(Dataset entries)
---------------
lemma skew_mult_delta_right:
  assumes g: "g \<in> G"
  shows "mul f (skew_delta g x) = (\<Sum>h\<in>{h\<in>G. src h = tgt g}.
           skew_delta (cmp h g) (alpha h (alpha (ginv h) (f h) * x)))"
proof -
  let ?P = "{p\<in>G \<times> G. src (fst p) = tgt (snd p)}"
  let ?F = "\<lambda>p. skew_delta (cmp (fst p) (snd p))
              (alpha (fst p) (alpha (ginv (fst p)) (f (fst p)) * skew_delta g x (snd p)))"
  have fP: "finite ?P" using finite_G by (auto intro: finite_subset[of _ "G \<times> G"])
  have "mul f (skew_delta g x) = (\<Sum>p\<in>?P. if snd p = g then ?F p else 0)"
    unfolding skew_mult_eq_sum by (intro sum.cong) (auto simp: skew_delta_def alpha_zero)
  also have "\<dots> = (\<Sum>p\<in>{p\<in>?P. snd p = g}. ?F p)"
    by (simp only: sum.inter_filter[OF fP])
  also have "\<dots> = (\<Sum>h\<in>{h\<in>G. src h = tgt g}. skew_delta (cmp h g) (alpha h (alpha (ginv h) (f h) * x)))"
    by (rule sum.reindex_bij_witness[where i = "\<lambda>h. (h, g)" and j = fst]) (auto simp: g skew_delta_def)
  finally show ?thesis .
qed

lemma skew_mult_delta_left:
  assumes g: "g \<in> G"
  shows "mul (skew_delta g x) f = (\<Sum>h\<in>{h\<in>G. tgt h = src g}.
           skew_delta (cmp g h) (alpha g (alpha (ginv g) x * f h)))"
proof -
  let ?P = "{p\<in>G \<times> G. src (fst p) = tgt (snd p)}"
  let ?F = "\<lambda>p. skew_delta (cmp (fst p) (snd p))
              (alpha (fst p) (alpha (ginv (fst p)) (skew_delta g x (fst p)) * f (snd p)))"
  have fP: "finite ?P" using finite_G by (auto intro: finite_subset[of _ "G \<times> G"])
  have "mul (skew_delta g x) f = (\<Sum>p\<in>?P. if fst p = g then ?F p else 0)"
    unfolding skew_mult_eq_sum by (intro sum.cong) (auto simp: skew_delta_def alpha_zero ginv_in)
  also have "\<dots> = (\<Sum>p\<in>{p\<in>?P. fst p = g}. ?F p)"
    by (simp only: sum.inter_filter[OF fP])
  also have "\<dots> = (\<Sum>h\<in>{h\<in>G. tgt h = src g}. skew_delta (cmp g h) (alpha g (alpha (ginv g) x * f h)))"
    by (rule sum.reindex_bij_witness[where i = "\<lambda>h. (g, h)" and j = snd]) (auto simp: g skew_delta_def)
  finally show ?thesis .
qed

lemma skew_embed_mult_delta:
  assumes l: "l \<in> G" and d: "d \<in> I l"
  shows "mul (emb d) (skew_delta l (one l)) = skew_delta l d"
proof -
  let ?e = "tgt l"
  have e: "?e \<in> G0" and eG: "?e \<in> G" using tgt_in l obj_in by auto
  let ?f = "\<lambda>h. skew_delta (cmp h l) (alpha h (alpha (ginv h) (emb d h) * one l))"
  have "mul (emb d) (skew_delta l (one l)) = (\<Sum>h\<in>{h\<in>G. src h = ?e}. ?f h)"
    by (rule skew_mult_delta_right[OF l])
  also have "\<dots> = ?f ?e"
  proof (rule sum_eq_single)
    fix h assume "h \<in> {h\<in>G. src h = ?e}" "h \<noteq> ?e"
    then show "?f h = 0" using src_obj by (auto simp: skew_embed_def alpha_zero ginv_in)
  qed (use finite_G eG src_obj e in auto)
  also have "\<dots> = skew_delta l d"
  proof -
    have de: "d * one ?e \<in> I ?e" using mult_one_in_ideal[OF eG] .
    have "d * one ?e = d" using ideal_subset_tgt[OF l] d ideal_iff[OF eG] by auto
    then show ?thesis
      using e de alpha_obj[OF e] ginv_obj[OF e] ideal_iff[OF l] d cmp_tgt_left[OF l]
        ideal_mult_right[OF eG de] by (simp add: skew_embed_def)
  qed
  finally show ?thesis .
qed

lemma skew_delta_mult_embed:
  assumes g: "g \<in> G" and d: "d \<in> I (ginv g)"
  shows "mul (skew_delta g x) (emb d) = skew_delta g (alpha g (alpha (ginv g) x * d))"
proof -
  let ?e = "src g"
  have e: "?e \<in> G0" and eG: "?e \<in> G" using src_in g obj_in by auto
  let ?f = "\<lambda>h. skew_delta (cmp g h) (alpha g (alpha (ginv g) x * emb d h))"
  have "mul (skew_delta g x) (emb d) = (\<Sum>h\<in>{h\<in>G. tgt h = ?e}. ?f h)"
    by (rule skew_mult_delta_left[OF g])
  also have "\<dots> = ?f ?e"
  proof (rule sum_eq_single)
    fix h assume "h \<in> {h\<in>G. tgt h = ?e}" "h \<noteq> ?e"
    then show "?f h = 0" using tgt_obj by (auto simp: skew_embed_def alpha_zero g)
  qed (use finite_G eG tgt_obj e in auto)
  also have "\<dots> = skew_delta g (alpha g (alpha (ginv g) x * d))"
    using ideal_ginv_subset_src[OF g d] e ideal_iff[OF eG] cmp_src_right[OF g]
    by (simp add: skew_embed_def)
  finally show ?thesis .
qed

end

section \<open>The separability idempotent\<close>

context finite_partial_action
begin

definition trace_coeff where
  "trace_coeff a g = alpha g (a * one (ginv g))"

lemma trace_coeff_in: "g \<in> G \<Longrightarrow> trace_coeff a g \<in> I g"
  unfolding trace_coeff_def using alpha_in mult_one_in_ideal ginv_in by blast

lemma trace_j_eq_sum: "trace_j G G0 src tgt ginv one alpha j a = (\<Sum>l\<in>{l\<in>G. tgt l = j}. trace_coeff a l)"
proof -
  have "finite G0" using finite_G G0_subset finite_subset by blast
  moreover have "src ` {l\<in>G. tgt l = j} \<subseteq> G0" using src_in by auto
  ultimately have "(\<Sum>l\<in>{l\<in>G. tgt l = j}. trace_coeff a l) =
     (\<Sum>e\<in>G0. \<Sum>l\<in>{x. x \<in> {l\<in>G. tgt l = j} \<and> src x = e}. trace_coeff a l)"
    using sum.group[of "{l\<in>G. tgt l = j}" G0 src "trace_coeff a"] finite_G by simp
  also have "\<dots> = trace_j G G0 src tgt ginv one alpha j a"
    unfolding trace_j_def trace_ij_def hom_set_def trace_coeff_def
    by (rule sum.cong) (auto intro!: sum.cong)
  finally show ?thesis by simp
qed
lemma min_pair_cover_obtain:
  assumes "1 \<le> n" and "S \<subseteq> cube n"
  obtains F where "finite F" "card F = min_pair_cover n S"
    "\<forall>P\<in>F. edge_pair n P" "S \<subseteq> \<Union>F"
proof -
  define F where "F = (\<lambda>v. {v, v(0 := 1 - v 0)}) ` S"
  have "finite (cube n)"
    unfolding cube_def by (intro finite_PiE) auto
  then have "finite F"
    unfolding F_def using assms(2) finite_subset by blast
  moreover have "\<forall>P\<in>F. edge_pair n P"
    unfolding F_def using edge_pair_flip_0[OF assms(1)] assms(2) by blast
  moreover have "S \<subseteq> \<Union>F"
    unfolding F_def by blast
  ultimately have "\<exists>k F. finite F \<and> card F = k \<and> (\<forall>P\<in>F. edge_pair n P) \<and> S \<subseteq> \<Union>F"
    by blast
  then have "\<exists>F. finite F \<and> card F = min_pair_cover n S \<and> (\<forall>P\<in>F. edge_pair n P) \<and> S \<subseteq> \<Union>F"
    unfolding min_pair_cover_def by (rule LeastI_ex)
  with that show ?thesis
    by blast
qed

lemma edge_cover_from_pair_cover:
  assumes dist: "is_distribution n p" and F: "finite F" "card F = k"
    "\<forall>P\<in>F. edge_pair n P" "supp n p \<subseteq> \<Union>F"
  obtains w j where "edge_cover n p k w j"
proof -
  obtain f where f: "bij_betw f {..<k} F"
    using ex_bij_betw_nat_finite[OF F(1)] F(2) atLeast0LessThan by metis
  have "\<forall>i\<in>{..<k}. \<exists>uj. fst uj \<in> cube n \<and> snd uj < n \<and>
      (\<forall>v\<in>f i. \<forall>l<n. l \<noteq> snd uj \<longrightarrow> v l = fst uj l)"
  proof
    fix i assume "i \<in> {..<k}"
    then have "edge_pair n (f i)"
      using f F(3) bij_betwE by blast
    then obtain u j where "u \<in> cube n" "j < n" "\<forall>v\<in>f i. \<forall>l<n. l \<noteq> j \<longrightarrow> v l = u l"
      by (rule edge_pair_obtain)
    then show "\<exists>uj. fst uj \<in> cube n \<and> snd uj < n \<and>
        (\<forall>v\<in>f i. \<forall>l<n. l \<noteq> snd uj \<longrightarrow> v l = fst uj l)"
      by (intro exI[of _ "(u, j)"]) simp
  qed
  from bchoice[OF this] obtain g where g: "\<forall>i\<in>{..<k}. fst (g i) \<in> cube n \<and> snd (g i) < n \<and>
      (\<forall>v\<in>f i. \<forall>l<n. l \<noteq> snd (g i) \<longrightarrow> v l = fst (g i) l)"
    ..
  have "0 < k"
    using supp_nonempty[OF dist] F(1,2,4) by auto
  show ?thesis
  proof (rule that[of "\<lambda>i. fst (g i)" "\<lambda>i. snd (g i)"], unfold_locales)
    fix v assume "v \<in> supp n p"
    then obtain P where "P \<in> F" "v \<in> P"
      using F(4) by blast
    then obtain i where "i < k" "f i = P"
      using f by (auto simp: bij_betw_def)
    then show "\<exists>i<k. \<forall>l<n. l \<noteq> snd (g i) \<longrightarrow> v l = fst (g i) l"
      using g \<open>v \<in> P\<close> by auto
  qed (use dist g \<open>0 < k\<close> in auto)
qed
---------------
- _Aim of the exercise_
Search the records for the word "shows", then list every line that has it.

- _Exercise response_
  shows "mul f (skew_delta g x) = (\<Sum>h\<in>{h\<in>G. src h = tgt g}.
  shows "mul (skew_delta g x) f = (\<Sum>h\<in>{h\<in>G. tgt h = src g}.
  shows "mul (emb d) (skew_delta l (one l)) = skew_delta l d"
  shows "mul (skew_delta g x) (emb d) = skew_delta g (alpha g (alpha (ginv g) x * d))"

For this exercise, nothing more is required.